Shares of General Mills fell as much as 10 percent to $44.79 in New York Wednesday, the biggest intraday slide since August 2015. The stock had already declined 16 percent this year through the close on Tuesday. Shares of other packaged-food companies also fell, including Kellogg, Conagra Brands Inc., Campbell Soup Co. and JM Smucker Co.
Forecast Lowered
General Mills cut its full-year outlook for earnings per share, excluding some items, to flat to up 1 percent. It had previously forecast a gain of at least 3 percent, based on currency staying constant.
Freight costs neared a 20-year high in February, General Mills said. The company has been forced into the spot market for about 20 percent of its shipments, compared with a historical average of about 5 percent. The costs on those orders can be as much as 60 percent higher.
The company blamed those increases and others for the 2.2 percentage-point drop in its gross margin to 32.3 percent in the third quarter, which ended Feb. 25.
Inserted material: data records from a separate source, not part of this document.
(* Assume the seeds are i.i.d. uniform on $[n]$. If $n\ge6$ is even and $l$ is an integer with $2\le l\le n/2-1$, then $$c:=\limsup_{m\to\infty}\frac{\log\bigl(1-p_1(n,m,l)\bigr)}{m}<0$$ (with the convention $\log 0=-\infty$).
   Context: Candidates $[n]$, $m$ voters; voter $j$ has the clockwise oriented preference list $(s_j,s_j+1,\dots,n,1,\dots,s_j-1)$ with seed $s_j$; seeds are independent and uniform on $[n]$. In an election among a non-empty $S\subseteq[n]$ each voter votes for the first candidate of $S$ in its list; $\Xi_S(i)$ is the number of votes for $i$. Two-round election with partition $(A,B)$ of $[n]$: the winner of $A$ is the $a\in A$ with $\Xi_A(a)>\Xi_A(a')$ for all other $a'\in A$ (if none exists, nobody wins the election); likewise for $B$; between the two first-round winners $a,b$, $a$ wins iff $\Xi_{\{a,b\}}(a)>\Xi_{\{a,b\}}(b)$ (ties: nobody wins). For even $n$ and $2\le l<n/2$, $A^{(1,n,l)}=\{1,\dots,l\}\cup\{l+2i:1\le i\le(n-2l)/2\}$, $B^{(1,n,l)}=[n]\setminus A^{(1,n,l)}$, and $p_1(n,m,l)$ is the probability that candidate $1$ wins the two-round election with partition $(A^{(1,n,l)},B^{(1,n,l)})$. *)

theory Defs
  imports "HOL-Analysis.Analysis" "HOL-Library.Liminf_Limsup" "HOL-Library.Extended_Real"
begin

text \<open>Candidates are 1..n. A voter with seed s has the list s, s+1, ..., n, 1, ..., s-1,
  so candidate c is at position (c + n - s) mod n (0-based).\<close>
definition pos :: "nat \<Rightarrow> nat \<Rightarrow> nat \<Rightarrow> nat" where
  "pos n s c = (c + n - s) mod n"

definition first_in :: "nat \<Rightarrow> nat set \<Rightarrow> nat \<Rightarrow> nat" where
  "first_in n S s = (THE c. c \<in> S \<and> (\<forall>c'\<in>S. pos n s c \<le> pos n s c'))"

definition votes :: "nat \<Rightarrow> nat \<Rightarrow> (nat \<Rightarrow> nat) \<Rightarrow> nat set \<Rightarrow> nat \<Rightarrow> nat" where
  "votes n m seeds S i = card {j. j < m \<and> first_in n S (seeds j) = i}"

definition is_winner :: "nat \<Rightarrow> nat \<Rightarrow> (nat \<Rightarrow> nat) \<Rightarrow> nat set \<Rightarrow> nat \<Rightarrow> bool" where
  "is_winner n m seeds S a \<longleftrightarrow> a \<in> S \<and>
     (\<forall>a'\<in>S. a' \<noteq> a \<longrightarrow> votes n m seeds S a > votes n m seeds S a')"
lemma prod_decode_bounded_least:
  "fst (prod_decode m) = bounded_least (\<lambda>a. \<exists>b<Suc m. prod_encode (a, b) = m) (Suc m)"
  "snd (prod_decode m) = bounded_least (\<lambda>b. \<exists>a<Suc m. prod_encode (a, b) = m) (Suc m)"
proof -
  obtain a b where ab: "prod_decode m = (a, b)" by force
  then have m: "m = prod_encode (a, b)" using prod_decode_inverse[of m] by simp
  have bounds: "a < Suc m" "b < Suc m"
    using m le_prod_encode_1 le_prod_encode_2 by (simp_all add: le_imp_less_Suc)
  have "(\<exists>b'<Suc m. prod_encode (a', b') = m) \<longleftrightarrow> a' = a" for a'
    using m bounds by auto
  then show "fst (prod_decode m) = bounded_least (\<lambda>a. \<exists>b<Suc m. prod_encode (a, b) = m) (Suc m)"
    using ab bounds by (auto simp: bounded_least_eq intro: Least_equality[symmetric])
  have "(\<exists>a'<Suc m. prod_encode (a', b') = m) \<longleftrightarrow> b' = b" for b'
    using m bounds by auto
  then show "snd (prod_decode m) = bounded_least (\<lambda>b. \<exists>a<Suc m. prod_encode (a, b) = m) (Suc m)"
    using ab bounds by (auto simp: bounded_least_eq intro: Least_equality[symmetric])
qed

lemma computable_bounded_least_ex:
  assumes "computable (Suc (Suc k)) R" "computable k N"
  shows "computable k (\<lambda>xs. bounded_least (\<lambda>j. \<exists>i<N xs. R (i # j # xs) \<noteq> 0) (N xs))"
proof -
  have "computable (Suc k) (\<lambda>zs. of_bool (\<exists>i<N (tl zs). R (i # zs) \<noteq> 0))"
    by (rule computable_bounded_ex[OF assms(1) computable_tl[OF assms(2)]])
  from computable_bounded_least[OF this assms(2)] show ?thesis by simp
qed
(* Let $m\ge1$ and let $X_1,X_2,\dots$ be i.i.d. random words in $\{0,1\}^m$, where word $\mathbf{w}_i$ has probability $P_i$ and the words are indexed so that $P_1\ge P_2\ge\dots\ge P_{2^m}$. Let $\mathbf{y}_1,\dots,\mathbf{y}_{2^m}$ be the distinct words of $\{0,1\}^m$ listed in order of nondecreasing cost, with $c_i=c(\mathbf{y}_i)$, and let $\phi$ be the direct shaping encoder (described in the context). Let $C_t=c(\phi(X_1,\dots,X_t))/t$, where $c(\phi(X_1,\dots,X_t))$ is the sum of the costs of the first $t$ output codewords. Then the asymptotic expected average cost satisfies $$C_\infty=\lim_{t\to\infty}E(C_t)=\sum_i P_ic_i.$$
   Context: Direct shaping code: the encoder maintains a list of all $2^m$ input words paired with frequency counts $n_k$ (initially all $0$, words ordered lexicographically), kept in nonincreasing order of counts. When input word $\mathbf{x}$ arrives, it is mapped to the output word $\mathbf{y}_k$ occupying the same position $k$ as $\mathbf{x}$ in the list; then the count of $\mathbf{x}$ is increased by one, from $n$ to $n+1$, and $\mathbf{x}$ is moved above all pairs with counts less than or equal to $n+1$. Costs: each codeword $\mathbf{y}$ has a cost $c(\mathbf{y})$ (e.g. for SLC flash, the number of $0$ symbols in $\mathbf{y}$), and the cost of a sequence of codewords is the sum of their costs. No channel errors are assumed. *)

theory Defs
  imports Complex_Main
begin

(* Binary words of length m are modelled as bool lists (False = 0, True = 1). *)

fun lex_words :: "nat \<Rightarrow> bool list list" where
  "lex_words 0 = [[]]"
| "lex_words (Suc m) = map (Cons False) (lex_words m) @ map (Cons True) (lex_words m)"

(* 0-based position of x in the list L *)
definition pos :: "'a list \<Rightarrow> 'a \<Rightarrow> nat" where
  "pos L x = length (takeWhile (\<lambda>z. z \<noteq> x) L)"

definition move_up :: "('a \<Rightarrow> nat) \<Rightarrow> 'a \<Rightarrow> 'a list \<Rightarrow> 'a list" where
  "move_up n x L = takeWhile (\<lambda>z. n z > n x) L @ [x] @ dropWhile (\<lambda>z. n z > n x) L"

(* Direct shaping encoder: ys is the output-word list (ordered by nondecreasing cost),
   the state is the current list of input words together with their counts. *)
fun encode :: "'a list \<Rightarrow> 'a list \<times> ('a \<Rightarrow> nat) \<Rightarrow> 'a list \<Rightarrow> 'a list" where
  "encode ys st [] = []"
| "encode ys (L, n) (x # xs) =
     (let n' = n(x := Suc (n x));
          L' = move_up n' x (removeAll x L)
      in ys ! pos L x # encode ys (L', n') xs)"

definition phi :: "nat \<Rightarrow> bool list list \<Rightarrow> bool list list \<Rightarrow> bool list list" where
  "phi m ys xs = encode ys (lex_words m, (\<lambda>_. 0)) xs"
lemma mut_B_involutive: "mut_B k (mut_B k B) = B"
proof (intro ext)
  fix i j
  have "pos (B i k) = B i k + pos (- B i k)" "pos (B k j) = B k j + pos (- B k j)"
    by (simp_all add: pos_def)
  then show "mut_B k (mut_B k B) i j = B i j"
    by (simp add: mut_B_def algebra_simps)
qed

lemma powi_pos_part_cancel:
  fixes u :: "'a::field"
  assumes "u \<noteq> 0" "1 + u \<noteq> 0"
  shows "u powi pos b * (1 + u) powi (- b) * inverse u powi pos (- b) * (1 + inverse u) powi b = 1"
proof -
  have "1 + inverse u = (1 + u) / u" using assms(1) by (simp add: field_simps)
  then show ?thesis
    using assms by (cases b rule: int_cases2) (simp_all add: pos_def power_int_minus power_divide power_inverse)
qed

lemma y_mutation_involutive:
  fixes y :: "nat \<Rightarrow> 'a::linordered_field"
  assumes "0 < y k"
  shows "y_mutation k (y_mutation k y B) (mut_B k B) = y"
proof
  fix i
  have "1 + y k \<noteq> 0" using assms by (simp add: add_pos_pos)
  then show "y_mutation k (y_mutation k y B) (mut_B k B) i = y i"
    using powi_pos_part_cancel[of "y k" "B k i"] assms
    by (auto simp: y_mutation_def mut_B_def mult_ac)
qed

lemma y_mutation_pos:
  fixes y :: "nat \<Rightarrow> 'a::linordered_field"
  shows "(\<And>l. 0 < y l) \<Longrightarrow> 0 < y_mutation k y B i"
  by (simp add: y_mutation_def add_pos_pos)

lemma y_mutations_pos:
  fixes y :: "nat \<Rightarrow> 'a::linordered_field"
  shows "(\<And>l. 0 < y l) \<Longrightarrow> 0 < fst (y_mutations (y, B) ks) i"
  by (induction ks arbitrary: y B) (simp_all add: y_mutation_pos)

lemma y_mutations_append: "y_mutations s (ks @ ks') = y_mutations (y_mutations s ks) ks'"
  by (induction s ks rule: y_mutations.induct) simp_all

lemma snd_y_mutations: "snd (y_mutations (y, B) ks) = snd (y_mutations (y', B) ks)"
  by (induction ks arbitrary: y y' B) simp_all

lemma y_mutations_rev:
  fixes y :: "nat \<Rightarrow> 'a::linordered_field"
  assumes "\<And>l. 0 < y l"
  shows "y_mutations (y_mutations (y, B) ks) (rev ks) = (y, B)"
  using assms
proof (induction ks arbitrary: y B)
  case (Cons k ks)
  have "\<And>l. 0 < y_mutation k y B l" using y_mutation_pos Cons.prems by blast
  then show ?case
    using Cons.IH y_mutation_involutive[OF Cons.prems] by (simp add: y_mutations_append mut_B_involutive)
qed simp

lemma y_mutations_surj:
  fixes z :: "nat \<Rightarrow> 'a::linordered_field"
  assumes z: "\<And>l. 0 < z l"
  obtains a where "\<And>l. 0 < a l" "fst (y_mutations (a, B) ks) = z"
proof -
  define B' where "B' = snd (y_mutations (z, B) ks)"
  define a where "a = fst (y_mutations (z, B') (rev ks))"
  have "snd (y_mutations (z, B') (rev ks)) = snd (y_mutations (y_mutations (z, B) ks) (rev ks))"
    unfolding B'_def by (metis snd_y_mutations prod.collapse)
  then have "y_mutations (z, B') (rev ks) = (a, B)"
    using y_mutations_rev[of z B ks] z by (simp add: a_def prod_eq_iff)
  then have "fst (y_mutations (a, B) ks) = z"
    using y_mutations_rev[of z B' "rev ks"] z by simp
  moreover have "0 < a l" for l
    unfolding a_def by (rule y_mutations_pos[OF z])
  ultimately show ?thesis using that by blast
qed

section \<open>Coprimality\<close>

fun mkey_less :: "'a::linorder mkey \<Rightarrow> 'a mkey \<Rightarrow> bool" where
  "mkey_less (MK p \<alpha>) (MK q \<beta>) \<longleftrightarrow> p < q \<or> p = q \<and> \<alpha> < \<beta>"

definition mkeys_over :: "'a::comm_monoid_mult set \<Rightarrow> 'a mkey set" where
  "mkeys_over P = {MK p \<alpha> | p \<alpha>. p \<in> P}"

lemma keys_ZPX_subset: "f \<in> ZPX n P \<Longrightarrow> Poly_Mapping.keys f \<subseteq> mkeys_over P"
proof
  fix k assume "f \<in> ZPX n P" "k \<in> Poly_Mapping.keys f"
  then show "k \<in> mkeys_over P" by (cases k) (auto simp: ZPX_def mkeys_over_def)
qed

lemma compatible_linorder_mkey_less:
  fixes P :: "'a::linordered_idom set"
  assumes P_pos: "\<And>p. p \<in> P \<Longrightarrow> 0 < p"
  shows "compatible_linorder mkey_less (mkeys_over P)"
  unfolding compatible_linorder_def
proof (intro conjI ballI impI allI)
  show "transp (mkey_less :: 'a mkey \<Rightarrow> _)"
  proof (rule transpI)
    fix x y z :: "'a mkey"
    show "mkey_less x y \<Longrightarrow> mkey_less y z \<Longrightarrow> mkey_less x z"
      by (cases x; cases y; cases z) auto
  qed
  show "irreflp (mkey_less :: 'a mkey \<Rightarrow> _)"
  proof (rule irreflpI)
    fix x :: "'a mkey"
    show "\<not> mkey_less x x" by (cases x) simp
  qed
  show "totalp (mkey_less :: 'a mkey \<Rightarrow> _)"
  proof (rule totalp_onI)
    fix x y :: "'a mkey"
    show "x \<noteq> y \<Longrightarrow> mkey_less x y \<or> mkey_less y x"
      by (cases x; cases y) auto
  qed
  fix x y z assume "x \<in> mkeys_over P" "y \<in> mkeys_over P" "z \<in> mkeys_over P" "mkey_less x y"
  then show "mkey_less (x + z) (y + z)"
    using P_pos by (auto simp: mkeys_over_def mult_strict_right_mono add_strict_right_mono)
qed

lemma lookup_expv: "Poly_Mapping.lookup (expv n f) l = (if l < n then f l else 0)"
proof -
  have "finite {l. (if l < n then f l else 0) \<noteq> 0}"
    by (rule finite_subset[of _ "{..<n}"]) auto
  then show ?thesis unfolding expv_def by simp
qed

lemma expv_pos_neg_common_summand:
  fixes \<alpha> \<beta> \<beta>' :: "nat \<Rightarrow>\<^sub>0 nat"
  assumes "expv n (\<lambda>l. nat (pos (b l))) = \<alpha> + \<beta>" and "expv n (\<lambda>l. nat (pos (- b l))) = \<alpha> + \<beta>'"
  shows "\<alpha> = 0"
proof (rule poly_mapping_eqI)
  fix l
  have "Poly_Mapping.lookup \<alpha> l \<le> (if l < n then nat (pos (b l)) else 0)"
    "Poly_Mapping.lookup \<alpha> l \<le> (if l < n then nat (pos (- b l)) else 0)"
    using arg_cong[OF assms(1), of "\<lambda>m. Poly_Mapping.lookup m l"]
      arg_cong[OF assms(2), of "\<lambda>m. Poly_Mapping.lookup m l"]
    by (simp_all add: lookup_expv lookup_add)
  then show "Poly_Mapping.lookup \<alpha> l = Poly_Mapping.lookup 0 l"
    by (auto simp: pos_def split: if_splits)
qed

lemma keys_binomial:
  "Poly_Mapping.keys (Poly_Mapping.single k1 (1::int) + Poly_Mapping.single k2 1) = {k1, k2}"
  by (auto simp: in_keys_iff lookup_add lookup_single when_def split: if_splits)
The shipping issue has dogged packaged-food companies, and Chief Executive Officer Jeff Harmening said the trucker shortage and new government regulations were mainly to blame for the higher costs. That will increase pressure to control expenses and maintain sales momentum. In a bright spot, General Mills reported a second straight quarter of revenue growth, the first time it’s had back-to-back gains in almost five years.
“Turning the top line is a huge task,” he said in an interview. “We’ve made our own success on sales, and we’re looking to make our success when it comes to the cost environment.”